▶ **Assigned task**
All lines holding the word "potentials" are to be copied from the records beneath.

▶ **Extracted records**
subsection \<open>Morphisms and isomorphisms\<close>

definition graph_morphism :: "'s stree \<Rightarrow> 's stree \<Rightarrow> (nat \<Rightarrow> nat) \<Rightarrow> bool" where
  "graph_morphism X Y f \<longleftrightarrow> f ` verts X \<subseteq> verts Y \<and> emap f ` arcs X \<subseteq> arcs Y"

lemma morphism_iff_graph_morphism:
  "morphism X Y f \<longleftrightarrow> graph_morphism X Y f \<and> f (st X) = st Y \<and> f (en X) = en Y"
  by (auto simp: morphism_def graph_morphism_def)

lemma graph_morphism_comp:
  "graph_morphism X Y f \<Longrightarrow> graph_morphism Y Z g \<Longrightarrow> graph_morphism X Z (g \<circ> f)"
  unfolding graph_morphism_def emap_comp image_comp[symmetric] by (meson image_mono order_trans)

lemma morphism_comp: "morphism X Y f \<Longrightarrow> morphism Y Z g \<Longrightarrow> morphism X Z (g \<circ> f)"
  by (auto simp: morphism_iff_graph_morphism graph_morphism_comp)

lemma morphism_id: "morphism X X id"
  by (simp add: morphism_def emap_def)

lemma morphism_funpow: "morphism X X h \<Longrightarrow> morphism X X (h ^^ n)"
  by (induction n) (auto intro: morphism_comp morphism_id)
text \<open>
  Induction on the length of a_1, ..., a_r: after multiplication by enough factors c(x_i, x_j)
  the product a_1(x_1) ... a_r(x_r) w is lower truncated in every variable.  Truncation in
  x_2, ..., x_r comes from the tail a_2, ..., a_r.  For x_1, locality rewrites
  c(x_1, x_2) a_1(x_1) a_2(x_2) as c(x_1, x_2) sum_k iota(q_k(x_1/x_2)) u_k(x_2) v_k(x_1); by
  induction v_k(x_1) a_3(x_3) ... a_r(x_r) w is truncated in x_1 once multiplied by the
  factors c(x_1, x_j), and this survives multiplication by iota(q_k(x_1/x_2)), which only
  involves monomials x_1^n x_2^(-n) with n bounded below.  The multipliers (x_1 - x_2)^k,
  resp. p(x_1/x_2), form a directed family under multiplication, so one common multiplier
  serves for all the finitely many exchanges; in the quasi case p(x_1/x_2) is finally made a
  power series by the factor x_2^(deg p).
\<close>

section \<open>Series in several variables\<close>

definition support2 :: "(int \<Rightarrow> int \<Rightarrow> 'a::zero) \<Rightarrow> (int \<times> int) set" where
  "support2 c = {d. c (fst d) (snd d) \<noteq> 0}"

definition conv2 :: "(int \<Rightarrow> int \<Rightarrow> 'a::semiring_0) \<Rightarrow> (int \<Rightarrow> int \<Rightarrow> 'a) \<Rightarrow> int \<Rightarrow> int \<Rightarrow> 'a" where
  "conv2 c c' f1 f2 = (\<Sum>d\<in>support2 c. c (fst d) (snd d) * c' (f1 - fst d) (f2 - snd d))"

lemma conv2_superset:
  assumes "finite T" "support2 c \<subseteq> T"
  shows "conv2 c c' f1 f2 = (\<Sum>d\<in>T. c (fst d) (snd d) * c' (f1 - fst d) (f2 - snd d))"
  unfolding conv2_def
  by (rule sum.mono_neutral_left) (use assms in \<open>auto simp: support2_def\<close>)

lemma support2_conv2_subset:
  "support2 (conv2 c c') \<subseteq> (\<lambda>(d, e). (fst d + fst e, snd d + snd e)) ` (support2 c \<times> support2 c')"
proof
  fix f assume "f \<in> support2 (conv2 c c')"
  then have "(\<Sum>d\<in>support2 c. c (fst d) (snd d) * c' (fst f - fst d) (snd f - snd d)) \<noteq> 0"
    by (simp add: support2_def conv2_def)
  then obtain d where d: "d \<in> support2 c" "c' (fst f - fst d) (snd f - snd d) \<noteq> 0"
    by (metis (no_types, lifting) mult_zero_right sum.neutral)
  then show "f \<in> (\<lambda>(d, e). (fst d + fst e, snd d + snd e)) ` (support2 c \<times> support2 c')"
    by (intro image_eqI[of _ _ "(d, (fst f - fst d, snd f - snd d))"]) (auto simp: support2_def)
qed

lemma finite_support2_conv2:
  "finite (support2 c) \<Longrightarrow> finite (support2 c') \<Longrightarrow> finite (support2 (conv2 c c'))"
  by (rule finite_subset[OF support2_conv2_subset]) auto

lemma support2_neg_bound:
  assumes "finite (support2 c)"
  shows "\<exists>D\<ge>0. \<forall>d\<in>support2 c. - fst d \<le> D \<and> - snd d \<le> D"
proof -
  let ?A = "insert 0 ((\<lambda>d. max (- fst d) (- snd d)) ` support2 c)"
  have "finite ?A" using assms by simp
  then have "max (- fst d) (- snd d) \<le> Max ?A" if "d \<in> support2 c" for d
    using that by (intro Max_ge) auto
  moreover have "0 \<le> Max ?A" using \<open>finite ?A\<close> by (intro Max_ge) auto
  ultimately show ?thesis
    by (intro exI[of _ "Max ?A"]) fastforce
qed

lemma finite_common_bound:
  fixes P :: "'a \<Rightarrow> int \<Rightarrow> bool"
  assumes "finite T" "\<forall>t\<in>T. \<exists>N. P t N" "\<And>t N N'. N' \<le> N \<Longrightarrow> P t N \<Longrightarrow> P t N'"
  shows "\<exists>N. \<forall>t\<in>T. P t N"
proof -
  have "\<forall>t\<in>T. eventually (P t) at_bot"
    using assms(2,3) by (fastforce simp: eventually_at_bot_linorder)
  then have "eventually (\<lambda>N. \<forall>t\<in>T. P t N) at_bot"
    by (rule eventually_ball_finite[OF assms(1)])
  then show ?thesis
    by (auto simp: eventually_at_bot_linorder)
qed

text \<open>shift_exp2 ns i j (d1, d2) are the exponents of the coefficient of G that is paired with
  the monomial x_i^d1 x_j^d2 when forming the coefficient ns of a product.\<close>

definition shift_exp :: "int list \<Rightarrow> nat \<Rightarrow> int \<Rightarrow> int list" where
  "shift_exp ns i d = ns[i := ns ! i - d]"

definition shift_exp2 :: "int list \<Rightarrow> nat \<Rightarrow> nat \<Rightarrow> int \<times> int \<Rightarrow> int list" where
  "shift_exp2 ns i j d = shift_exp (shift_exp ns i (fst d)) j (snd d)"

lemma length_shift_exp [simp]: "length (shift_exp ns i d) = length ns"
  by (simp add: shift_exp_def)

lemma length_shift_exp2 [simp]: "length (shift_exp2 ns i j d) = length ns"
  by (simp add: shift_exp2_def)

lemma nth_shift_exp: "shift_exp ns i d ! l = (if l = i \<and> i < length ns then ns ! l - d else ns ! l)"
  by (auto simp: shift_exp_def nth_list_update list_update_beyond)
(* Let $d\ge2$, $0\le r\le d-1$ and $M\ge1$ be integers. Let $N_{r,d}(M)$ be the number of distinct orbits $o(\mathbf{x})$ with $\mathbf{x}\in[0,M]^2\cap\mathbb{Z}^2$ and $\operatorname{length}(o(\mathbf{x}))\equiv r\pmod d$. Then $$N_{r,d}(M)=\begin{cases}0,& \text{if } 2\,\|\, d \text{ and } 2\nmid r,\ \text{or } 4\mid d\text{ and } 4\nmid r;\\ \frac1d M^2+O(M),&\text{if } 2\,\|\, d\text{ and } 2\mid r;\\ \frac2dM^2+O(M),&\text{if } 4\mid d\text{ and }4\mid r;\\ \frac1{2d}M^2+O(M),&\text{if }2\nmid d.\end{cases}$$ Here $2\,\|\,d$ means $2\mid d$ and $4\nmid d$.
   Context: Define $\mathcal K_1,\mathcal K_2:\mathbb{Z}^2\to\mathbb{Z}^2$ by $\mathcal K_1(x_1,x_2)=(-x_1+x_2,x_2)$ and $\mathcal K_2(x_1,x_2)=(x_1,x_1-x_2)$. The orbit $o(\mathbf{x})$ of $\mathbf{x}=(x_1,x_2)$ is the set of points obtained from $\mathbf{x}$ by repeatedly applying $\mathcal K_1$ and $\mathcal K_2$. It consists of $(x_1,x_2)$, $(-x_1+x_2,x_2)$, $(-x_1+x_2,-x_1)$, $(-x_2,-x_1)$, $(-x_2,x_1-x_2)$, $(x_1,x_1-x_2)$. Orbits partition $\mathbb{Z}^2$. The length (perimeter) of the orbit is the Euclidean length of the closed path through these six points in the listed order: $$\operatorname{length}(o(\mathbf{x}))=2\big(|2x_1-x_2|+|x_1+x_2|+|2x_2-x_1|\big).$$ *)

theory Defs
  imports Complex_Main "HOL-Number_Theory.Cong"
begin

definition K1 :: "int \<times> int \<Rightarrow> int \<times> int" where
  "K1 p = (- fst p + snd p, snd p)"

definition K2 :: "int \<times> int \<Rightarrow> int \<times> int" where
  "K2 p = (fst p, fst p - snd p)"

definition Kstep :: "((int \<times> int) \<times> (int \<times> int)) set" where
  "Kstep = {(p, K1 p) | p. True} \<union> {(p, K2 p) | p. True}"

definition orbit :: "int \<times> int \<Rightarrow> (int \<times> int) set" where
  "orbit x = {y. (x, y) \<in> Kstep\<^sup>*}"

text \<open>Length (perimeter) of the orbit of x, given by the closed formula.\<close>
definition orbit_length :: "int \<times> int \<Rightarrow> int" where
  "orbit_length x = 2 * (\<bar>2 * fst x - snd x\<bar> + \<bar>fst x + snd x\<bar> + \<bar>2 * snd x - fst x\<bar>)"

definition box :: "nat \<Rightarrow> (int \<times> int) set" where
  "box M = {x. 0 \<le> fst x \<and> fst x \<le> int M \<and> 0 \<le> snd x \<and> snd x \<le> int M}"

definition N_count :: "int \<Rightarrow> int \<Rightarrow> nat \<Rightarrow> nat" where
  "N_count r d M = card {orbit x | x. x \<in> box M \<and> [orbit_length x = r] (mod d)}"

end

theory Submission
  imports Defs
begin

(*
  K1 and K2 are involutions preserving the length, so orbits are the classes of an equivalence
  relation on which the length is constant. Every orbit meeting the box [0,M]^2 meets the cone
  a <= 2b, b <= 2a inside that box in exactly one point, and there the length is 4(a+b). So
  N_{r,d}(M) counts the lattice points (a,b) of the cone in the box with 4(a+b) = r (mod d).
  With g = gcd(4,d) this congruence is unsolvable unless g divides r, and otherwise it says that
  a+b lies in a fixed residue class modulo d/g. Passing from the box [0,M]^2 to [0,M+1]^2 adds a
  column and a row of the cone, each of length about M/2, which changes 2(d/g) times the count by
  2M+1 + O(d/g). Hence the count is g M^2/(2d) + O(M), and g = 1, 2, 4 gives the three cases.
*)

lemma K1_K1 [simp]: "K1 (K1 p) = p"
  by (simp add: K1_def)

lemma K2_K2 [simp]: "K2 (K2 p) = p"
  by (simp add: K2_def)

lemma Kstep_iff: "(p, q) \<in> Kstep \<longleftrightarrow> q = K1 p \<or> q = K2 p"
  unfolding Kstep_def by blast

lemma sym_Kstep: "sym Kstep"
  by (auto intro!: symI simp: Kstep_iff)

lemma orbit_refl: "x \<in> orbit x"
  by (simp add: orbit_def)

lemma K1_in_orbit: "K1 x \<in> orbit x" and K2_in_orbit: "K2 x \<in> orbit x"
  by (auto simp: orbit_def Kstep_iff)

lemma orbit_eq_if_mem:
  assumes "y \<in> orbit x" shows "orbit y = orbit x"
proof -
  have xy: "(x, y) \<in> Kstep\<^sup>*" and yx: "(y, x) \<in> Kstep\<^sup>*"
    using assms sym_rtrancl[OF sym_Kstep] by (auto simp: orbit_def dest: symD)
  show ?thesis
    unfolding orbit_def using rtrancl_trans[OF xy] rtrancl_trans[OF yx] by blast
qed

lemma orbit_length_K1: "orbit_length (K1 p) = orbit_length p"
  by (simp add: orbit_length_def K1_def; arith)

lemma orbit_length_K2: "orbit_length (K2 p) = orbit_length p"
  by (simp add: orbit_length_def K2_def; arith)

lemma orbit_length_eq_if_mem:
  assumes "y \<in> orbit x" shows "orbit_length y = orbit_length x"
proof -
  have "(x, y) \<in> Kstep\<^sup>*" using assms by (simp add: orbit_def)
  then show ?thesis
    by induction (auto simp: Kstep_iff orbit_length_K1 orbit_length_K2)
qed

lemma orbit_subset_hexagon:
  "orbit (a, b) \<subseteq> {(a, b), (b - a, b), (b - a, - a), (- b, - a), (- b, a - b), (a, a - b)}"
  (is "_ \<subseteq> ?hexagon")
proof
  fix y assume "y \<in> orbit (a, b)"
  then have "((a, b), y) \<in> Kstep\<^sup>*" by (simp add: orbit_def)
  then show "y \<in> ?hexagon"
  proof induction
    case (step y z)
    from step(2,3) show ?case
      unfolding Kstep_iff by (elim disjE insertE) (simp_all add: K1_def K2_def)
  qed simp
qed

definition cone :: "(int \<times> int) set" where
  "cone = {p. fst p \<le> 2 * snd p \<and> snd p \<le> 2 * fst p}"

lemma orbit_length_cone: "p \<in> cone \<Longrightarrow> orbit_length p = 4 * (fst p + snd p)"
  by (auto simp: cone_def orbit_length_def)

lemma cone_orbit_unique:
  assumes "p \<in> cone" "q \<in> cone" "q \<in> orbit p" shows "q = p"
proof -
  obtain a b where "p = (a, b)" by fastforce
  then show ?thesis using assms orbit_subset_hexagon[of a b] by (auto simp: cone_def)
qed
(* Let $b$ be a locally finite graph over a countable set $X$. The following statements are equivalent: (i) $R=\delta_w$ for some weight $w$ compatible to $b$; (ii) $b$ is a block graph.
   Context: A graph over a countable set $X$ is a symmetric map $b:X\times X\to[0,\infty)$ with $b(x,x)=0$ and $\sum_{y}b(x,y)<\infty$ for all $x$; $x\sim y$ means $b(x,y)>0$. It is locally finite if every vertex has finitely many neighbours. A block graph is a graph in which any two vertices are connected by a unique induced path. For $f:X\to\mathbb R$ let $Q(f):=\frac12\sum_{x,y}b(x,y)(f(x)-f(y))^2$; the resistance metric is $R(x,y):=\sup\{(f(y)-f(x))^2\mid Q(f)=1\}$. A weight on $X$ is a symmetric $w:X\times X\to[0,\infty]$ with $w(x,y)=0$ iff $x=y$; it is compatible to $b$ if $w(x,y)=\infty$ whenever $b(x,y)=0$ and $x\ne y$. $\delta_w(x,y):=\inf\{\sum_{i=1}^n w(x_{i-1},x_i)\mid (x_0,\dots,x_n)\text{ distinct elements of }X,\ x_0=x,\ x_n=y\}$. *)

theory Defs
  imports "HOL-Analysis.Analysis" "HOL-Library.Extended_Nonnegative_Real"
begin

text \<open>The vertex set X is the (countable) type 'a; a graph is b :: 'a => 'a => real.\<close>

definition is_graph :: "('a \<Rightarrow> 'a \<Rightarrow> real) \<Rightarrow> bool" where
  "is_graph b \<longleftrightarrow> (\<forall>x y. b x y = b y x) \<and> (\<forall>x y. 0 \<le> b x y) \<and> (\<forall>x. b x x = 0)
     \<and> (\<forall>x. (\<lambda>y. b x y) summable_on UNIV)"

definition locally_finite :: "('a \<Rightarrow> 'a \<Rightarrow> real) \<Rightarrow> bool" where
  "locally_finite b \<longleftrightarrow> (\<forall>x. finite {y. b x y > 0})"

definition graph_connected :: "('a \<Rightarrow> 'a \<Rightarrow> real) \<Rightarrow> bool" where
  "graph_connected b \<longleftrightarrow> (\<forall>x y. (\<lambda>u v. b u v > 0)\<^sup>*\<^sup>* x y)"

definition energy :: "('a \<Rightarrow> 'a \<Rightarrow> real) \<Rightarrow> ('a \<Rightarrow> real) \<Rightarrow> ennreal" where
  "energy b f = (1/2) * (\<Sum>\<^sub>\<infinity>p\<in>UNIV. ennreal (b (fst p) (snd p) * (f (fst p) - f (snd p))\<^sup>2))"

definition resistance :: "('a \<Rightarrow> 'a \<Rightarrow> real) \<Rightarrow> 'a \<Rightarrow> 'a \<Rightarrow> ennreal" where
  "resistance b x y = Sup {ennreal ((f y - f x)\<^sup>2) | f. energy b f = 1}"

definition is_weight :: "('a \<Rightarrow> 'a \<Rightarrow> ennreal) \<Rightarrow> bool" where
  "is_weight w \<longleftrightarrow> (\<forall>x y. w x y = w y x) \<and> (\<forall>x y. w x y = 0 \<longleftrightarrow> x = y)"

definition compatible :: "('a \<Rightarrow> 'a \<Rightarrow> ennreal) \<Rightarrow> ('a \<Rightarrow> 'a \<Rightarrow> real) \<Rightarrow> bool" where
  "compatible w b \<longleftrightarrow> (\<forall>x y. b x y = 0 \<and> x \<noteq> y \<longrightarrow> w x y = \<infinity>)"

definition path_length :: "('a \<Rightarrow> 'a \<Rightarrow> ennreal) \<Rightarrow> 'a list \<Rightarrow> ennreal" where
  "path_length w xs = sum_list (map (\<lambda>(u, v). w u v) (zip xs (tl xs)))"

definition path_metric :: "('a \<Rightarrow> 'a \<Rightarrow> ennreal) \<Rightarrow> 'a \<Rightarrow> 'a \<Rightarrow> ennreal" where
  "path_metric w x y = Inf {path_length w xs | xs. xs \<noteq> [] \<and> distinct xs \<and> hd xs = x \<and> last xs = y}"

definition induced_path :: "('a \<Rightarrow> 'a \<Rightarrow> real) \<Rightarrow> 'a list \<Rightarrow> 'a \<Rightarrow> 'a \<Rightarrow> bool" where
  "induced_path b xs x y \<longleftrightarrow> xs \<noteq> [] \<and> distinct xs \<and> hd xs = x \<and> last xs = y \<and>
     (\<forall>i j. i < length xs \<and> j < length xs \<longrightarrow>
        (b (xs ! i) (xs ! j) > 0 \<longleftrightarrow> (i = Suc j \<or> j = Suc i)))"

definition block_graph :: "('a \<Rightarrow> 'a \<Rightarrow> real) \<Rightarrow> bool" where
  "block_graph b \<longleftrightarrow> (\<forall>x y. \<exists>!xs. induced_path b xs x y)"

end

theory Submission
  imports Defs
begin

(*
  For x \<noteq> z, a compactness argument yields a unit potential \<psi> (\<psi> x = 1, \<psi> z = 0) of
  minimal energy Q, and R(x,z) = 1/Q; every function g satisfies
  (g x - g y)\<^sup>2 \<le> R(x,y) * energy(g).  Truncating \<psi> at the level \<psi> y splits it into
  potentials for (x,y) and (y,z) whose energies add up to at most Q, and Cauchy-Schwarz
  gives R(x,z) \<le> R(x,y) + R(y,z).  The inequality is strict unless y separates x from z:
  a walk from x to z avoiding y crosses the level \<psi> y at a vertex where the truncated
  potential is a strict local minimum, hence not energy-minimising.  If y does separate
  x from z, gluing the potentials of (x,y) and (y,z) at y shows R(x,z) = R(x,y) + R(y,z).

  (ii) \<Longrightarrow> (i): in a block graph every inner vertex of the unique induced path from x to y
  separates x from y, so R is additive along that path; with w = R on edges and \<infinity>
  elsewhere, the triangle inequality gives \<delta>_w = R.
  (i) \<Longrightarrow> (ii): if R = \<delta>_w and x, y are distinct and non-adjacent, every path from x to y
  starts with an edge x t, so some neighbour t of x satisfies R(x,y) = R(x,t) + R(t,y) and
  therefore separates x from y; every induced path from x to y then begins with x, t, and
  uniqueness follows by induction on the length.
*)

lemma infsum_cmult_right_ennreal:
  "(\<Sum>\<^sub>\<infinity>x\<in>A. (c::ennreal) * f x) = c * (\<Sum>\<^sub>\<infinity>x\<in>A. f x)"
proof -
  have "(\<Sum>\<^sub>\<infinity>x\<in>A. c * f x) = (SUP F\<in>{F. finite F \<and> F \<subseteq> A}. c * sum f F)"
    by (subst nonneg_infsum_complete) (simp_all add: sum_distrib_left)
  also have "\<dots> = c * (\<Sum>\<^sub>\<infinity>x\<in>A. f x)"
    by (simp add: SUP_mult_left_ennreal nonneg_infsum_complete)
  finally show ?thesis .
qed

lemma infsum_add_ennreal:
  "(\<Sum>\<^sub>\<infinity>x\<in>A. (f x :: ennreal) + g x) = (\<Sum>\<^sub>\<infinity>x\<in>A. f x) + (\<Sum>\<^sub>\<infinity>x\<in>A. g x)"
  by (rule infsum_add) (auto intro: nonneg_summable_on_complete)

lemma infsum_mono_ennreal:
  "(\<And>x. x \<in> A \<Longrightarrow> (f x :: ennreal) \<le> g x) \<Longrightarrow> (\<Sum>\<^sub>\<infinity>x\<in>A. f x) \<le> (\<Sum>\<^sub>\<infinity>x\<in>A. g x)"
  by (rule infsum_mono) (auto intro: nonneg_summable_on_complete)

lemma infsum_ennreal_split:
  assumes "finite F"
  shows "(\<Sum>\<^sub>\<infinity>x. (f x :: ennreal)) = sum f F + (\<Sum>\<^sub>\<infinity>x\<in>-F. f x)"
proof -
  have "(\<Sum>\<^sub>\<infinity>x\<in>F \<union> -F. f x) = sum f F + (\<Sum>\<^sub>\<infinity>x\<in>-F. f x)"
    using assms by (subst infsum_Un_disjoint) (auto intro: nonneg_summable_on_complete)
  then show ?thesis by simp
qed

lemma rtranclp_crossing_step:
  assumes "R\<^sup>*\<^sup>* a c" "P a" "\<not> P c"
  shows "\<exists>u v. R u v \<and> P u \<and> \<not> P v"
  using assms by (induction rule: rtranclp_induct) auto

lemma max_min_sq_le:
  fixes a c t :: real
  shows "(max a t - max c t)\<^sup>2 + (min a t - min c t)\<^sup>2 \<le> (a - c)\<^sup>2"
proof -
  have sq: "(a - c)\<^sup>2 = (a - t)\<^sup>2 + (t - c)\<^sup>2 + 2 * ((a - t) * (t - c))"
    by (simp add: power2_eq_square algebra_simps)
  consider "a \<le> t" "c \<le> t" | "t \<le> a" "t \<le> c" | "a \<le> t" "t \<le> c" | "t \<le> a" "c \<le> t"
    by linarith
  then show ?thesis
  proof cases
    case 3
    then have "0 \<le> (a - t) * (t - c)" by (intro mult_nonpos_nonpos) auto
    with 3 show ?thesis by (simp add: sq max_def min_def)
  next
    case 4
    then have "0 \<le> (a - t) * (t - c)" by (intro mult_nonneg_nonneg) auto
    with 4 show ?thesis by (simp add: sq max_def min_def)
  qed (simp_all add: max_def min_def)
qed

▶ **Output below**
  potentials for (x,y) and (y,z) whose energies add up to at most Q, and Cauchy-Schwarz
  x from z, gluing the potentials of (x,y) and (y,z) at y shows R(x,z) = R(x,y) + R(y,z).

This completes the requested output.